L’opération de police de quatre heures dans un champ anti-fasciste à Carinthien Peršmanhof le dernier dimanche de juillet a provoqué de nombreuses vertèbres au niveau national et international. Après des annonces anonymes qui auraient été reçues vendredi, l’opération était prévue pour le même jour. Officiellement, il s’agissait de violations de la Nature Conservation Act and Camping Act, ainsi que des violations de la décence.
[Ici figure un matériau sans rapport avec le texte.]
(* Let $G$ be a 5-vertex-critical $(P_5,\text{chair})$-free graph that is not isomorphic to any graph in $\mathcal{F}=\{K_5,W,P,Q_1,Q_2,Q_3\}$, and let $C=v_1v_2v_3v_4v_5v_1$ be an induced $C_5$ in $G$. Then $|S_4(i)|\le 6$ for all $1\le i\le 5$.
   Context: All graphs are finite and simple; $P_5$ is the path on 5 vertices; the chair is a $P_4$ plus a vertex adjacent to exactly one of the two middle vertices of the $P_4$; "$H$-free" means no induced subgraph isomorphic to $H$; $G$ is $k$-vertex-critical if $\chi(G)=k$ and $\chi(G-v)<k$ for all $v$. Indices modulo 5. $S_4(i)=\{v\in V(G)\setminus V(C): N(v)\cap V(C)=\{v_{i-2},v_{i-1},v_{i+1},v_{i+2}\}\}$. The graphs of $\mathcal{F}$ (other than $K_5$) are given by adjacency lists on vertex sets $\{0,\dots,n-1\}$: $W$: 0:1 4 5 6; 1:0 2 5 6; 2:1 3 5 6; 3:2 4 5 6; 4:0 3 5 6; 5:0 1 2 3 4 6; 6:0 1 2 3 4 5. $P$: 0:1 4 5 6; 1:0 2 7 8; 2:1 3 5 6 7 8; 3:2 4 5 6 7 8; 4:0 3 7 8; 5:0 2 3 7; 6:0 2 3 8; 7:1 2 3 4 5 8; 8:1 2 3 4 6 7. $Q_1$: 0:1 4 5 6; 1:0 2 5 6 7 8; 2:1 3 5 6 7 8; 3:2 4 7 8; 4:0 3 7 8; 5:0 1 2 6 7; 6:0 1 2 5 8; 7:1 2 3 4 5; 8:1 2 3 4 6. $Q_2$: 0:1 4 5 6; 1:0 2 5 6 7 8; 2:1 3 5 6 7 8; 3:2 4 5 6 7 8; 4:0 3 7 8; 5:0 2 3 6 7; 6:0 2 3 5 8; 7:1 2 3 4 5; 8:1 2 3 4 6. $Q_3$: 0:1 4 5 6; 1:0 2 5 7 8; 2:1 3 5 7 8; 3:2 4 6 7 8; 4:0 3 6 7 8; 5:0 1 2 6; 6:0 3 4 5 8; 7:1 2 3 4 8; 8:1 2 3 4 6 7. *)

theory Defs
  imports Main
begin

definition simple_graph :: "'a set \<Rightarrow> ('a \<Rightarrow> 'a \<Rightarrow> bool) \<Rightarrow> bool" where
  "simple_graph V E \<longleftrightarrow> finite V \<and> (\<forall>x y. E x y \<longrightarrow> x \<in> V \<and> y \<in> V)
     \<and> (\<forall>x y. E x y \<longrightarrow> E y x) \<and> (\<forall>x. \<not> E x x)"

definition adj_list :: "nat list list \<Rightarrow> nat \<Rightarrow> nat \<Rightarrow> bool" where
  "adj_list L i j \<longleftrightarrow> (i < length L \<and> j < length L \<and> (j \<in> set (L ! i) \<or> i \<in> set (L ! j)))"

definition verts_list :: "nat list list \<Rightarrow> nat set" where
  "verts_list L = {0..<length L}"

definition contains_induced ::
  "'a set \<Rightarrow> ('a \<Rightarrow> 'a \<Rightarrow> bool) \<Rightarrow> 'b set \<Rightarrow> ('b \<Rightarrow> 'b \<Rightarrow> bool) \<Rightarrow> bool" where
  "contains_induced V E HV HE \<longleftrightarrow>
     (\<exists>f. inj_on f HV \<and> f ` HV \<subseteq> V \<and> (\<forall>x\<in>HV. \<forall>y\<in>HV. E (f x) (f y) \<longleftrightarrow> HE x y))"

definition H_free ::
  "'a set \<Rightarrow> ('a \<Rightarrow> 'a \<Rightarrow> bool) \<Rightarrow> 'b set \<Rightarrow> ('b \<Rightarrow> 'b \<Rightarrow> bool) \<Rightarrow> bool" where
  "H_free V E HV HE \<longleftrightarrow> \<not> contains_induced V E HV HE"

definition graph_iso ::
  "'a set \<Rightarrow> ('a \<Rightarrow> 'a \<Rightarrow> bool) \<Rightarrow> 'b set \<Rightarrow> ('b \<Rightarrow> 'b \<Rightarrow> bool) \<Rightarrow> bool" where
  "graph_iso V E HV HE \<longleftrightarrow>
     (\<exists>f. bij_betw f V HV \<and> (\<forall>x\<in>V. \<forall>y\<in>V. E x y \<longleftrightarrow> HE (f x) (f y)))"

definition colorable :: "'a set \<Rightarrow> ('a \<Rightarrow> 'a \<Rightarrow> bool) \<Rightarrow> nat \<Rightarrow> bool" where
  "colorable V E k \<longleftrightarrow>
     (\<exists>c :: 'a \<Rightarrow> nat. (\<forall>v\<in>V. c v < k) \<and> (\<forall>u\<in>V. \<forall>v\<in>V. E u v \<longrightarrow> c u \<noteq> c v))"

definition chromatic_number :: "'a set \<Rightarrow> ('a \<Rightarrow> 'a \<Rightarrow> bool) \<Rightarrow> nat" where
  "chromatic_number V E = (LEAST k. colorable V E k)"

definition del_vertex_adj :: "('a \<Rightarrow> 'a \<Rightarrow> bool) \<Rightarrow> 'a \<Rightarrow> 'a \<Rightarrow> 'a \<Rightarrow> bool" where
  "del_vertex_adj E v x y \<longleftrightarrow> E x y \<and> x \<noteq> v \<and> y \<noteq> v"

definition vertex_critical :: "'a set \<Rightarrow> ('a \<Rightarrow> 'a \<Rightarrow> bool) \<Rightarrow> nat \<Rightarrow> bool" where
  "vertex_critical V E k \<longleftrightarrow> chromatic_number V E = k \<and>
     (\<forall>v\<in>V. chromatic_number (V - {v}) (del_vertex_adj E v) < k)"

definition P5_list :: "nat list list" where
  "P5_list = [[1], [0,2], [1,3], [2,4], [3]]"

definition chair_list :: "nat list list" where
  "chair_list = [[1], [0,2,4], [1,3], [2], [1]]"

definition K5_list :: "nat list list" where
  "K5_list = [[1,2,3,4], [0,2,3,4], [0,1,3,4], [0,1,2,4], [0,1,2,3]]"

definition W_list :: "nat list list" where
  "W_list = [[1,4,5,6], [0,2,5,6], [1,3,5,6], [2,4,5,6], [0,3,5,6], [0,1,2,3,4,6], [0,1,2,3,4,5]]"

definition P_list :: "nat list list" where
  "P_list = [[1,4,5,6], [0,2,7,8], [1,3,5,6,7,8], [2,4,5,6,7,8], [0,3,7,8], [0,2,3,7],
             [0,2,3,8], [1,2,3,4,5,8], [1,2,3,4,6,7]]"

definition Q1_list :: "nat list list" where
  "Q1_list = [[1,4,5,6], [0,2,5,6,7,8], [1,3,5,6,7,8], [2,4,7,8], [0,3,7,8], [0,1,2,6,7],
              [0,1,2,5,8], [1,2,3,4,5], [1,2,3,4,6]]"

text \<open>Q2: the given lists are not symmetric (1 lists 5 and 6, but not conversely);
we symmetrise (adj_list takes the symmetric closure), i.e. edges 1-5 and 1-6 are present.\<close>
definition Q2_list :: "nat list list" where
  "Q2_list = [[1,4,5,6], [0,2,5,6,7,8], [1,3,5,6,7,8], [2,4,5,6,7,8], [0,3,7,8], [0,1,2,3,6,7],
              [0,1,2,3,5,8], [1,2,3,4,5], [1,2,3,4,6]]"

definition Q3_list :: "nat list list" where
  "Q3_list = [[1,4,5,6], [0,2,5,7,8], [1,3,5,7,8], [2,4,6,7,8], [0,3,6,7,8], [0,1,2,6],
              [0,3,4,5,8], [1,2,3,4,8], [1,2,3,4,6,7]]"

definition family_F :: "nat list list set" where
  "family_F = {K5_list, W_list, P_list, Q1_list, Q2_list, Q3_list}"

definition induced_C5 :: "'a set \<Rightarrow> ('a \<Rightarrow> 'a \<Rightarrow> bool) \<Rightarrow> (nat \<Rightarrow> 'a) \<Rightarrow> bool" where
  "induced_C5 V E v \<longleftrightarrow> inj_on v {0..<5} \<and> v ` {0..<5} \<subseteq> V \<and>
     (\<forall>i<5. \<forall>j<5. E (v i) (v j) \<longleftrightarrow> (j = (i + 1) mod 5 \<or> i = (j + 1) mod 5))"

text \<open>S_4(i): vertices outside C adjacent on C exactly to v_{i-2}, v_{i-1}, v_{i+1}, v_{i+2}.\<close>

definition S4 :: "'a set \<Rightarrow> ('a \<Rightarrow> 'a \<Rightarrow> bool) \<Rightarrow> (nat \<Rightarrow> 'a) \<Rightarrow> nat \<Rightarrow> 'a set" where
  "S4 V E v i = {x \<in> V - v ` {0..<5}.
     {y \<in> v ` {0..<5}. E x y} =
       {v ((i + 3) mod 5), v ((i + 4) mod 5), v ((i + 1) mod 5), v ((i + 2) mod 5)}}"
La ferme, qui est maintenant un mémorial et un musée, a été le théâtre d’un massacre nazi en 1945.
L’avocat Vouk a été consulté lors du déploiement des participants et des organisateurs. Il dit que la police devait s’intensifier et provoquer des conflits. Selon la présentation officielle de la police, le déploiement a été dirigé par un protecteur constitutionnel, car c’était Antifa. La situation sur place a été ébranlée en raison des évaluations d’identité initialement rejetées, d’autres forces ont été consultées, notamment l’hélicoptère de police et un gestionnaire de chiens. 62 violations administratives et deux résistance à la violence de l’État ont été signalées, 32 détermination de l’identité et deux examens personnels ont été effectués.
La police a été brusquement critiquée pour la mission, en partie par la partie politique, en particulier par les Slovènes Carintoni et le pays voisin de Slovénie. Suite à la demande de clarifications, le ministre de l’Intérieur, Gerhard Karner (ÖVP), a utilisé une commission d’analyse qui devrait au moins présenter un rapport intermédiaire d’ici la fin septembre. La commission, dans laquelle des représentants du groupe ethnique sont également impliquées, a commencé leur travail ces derniers jours.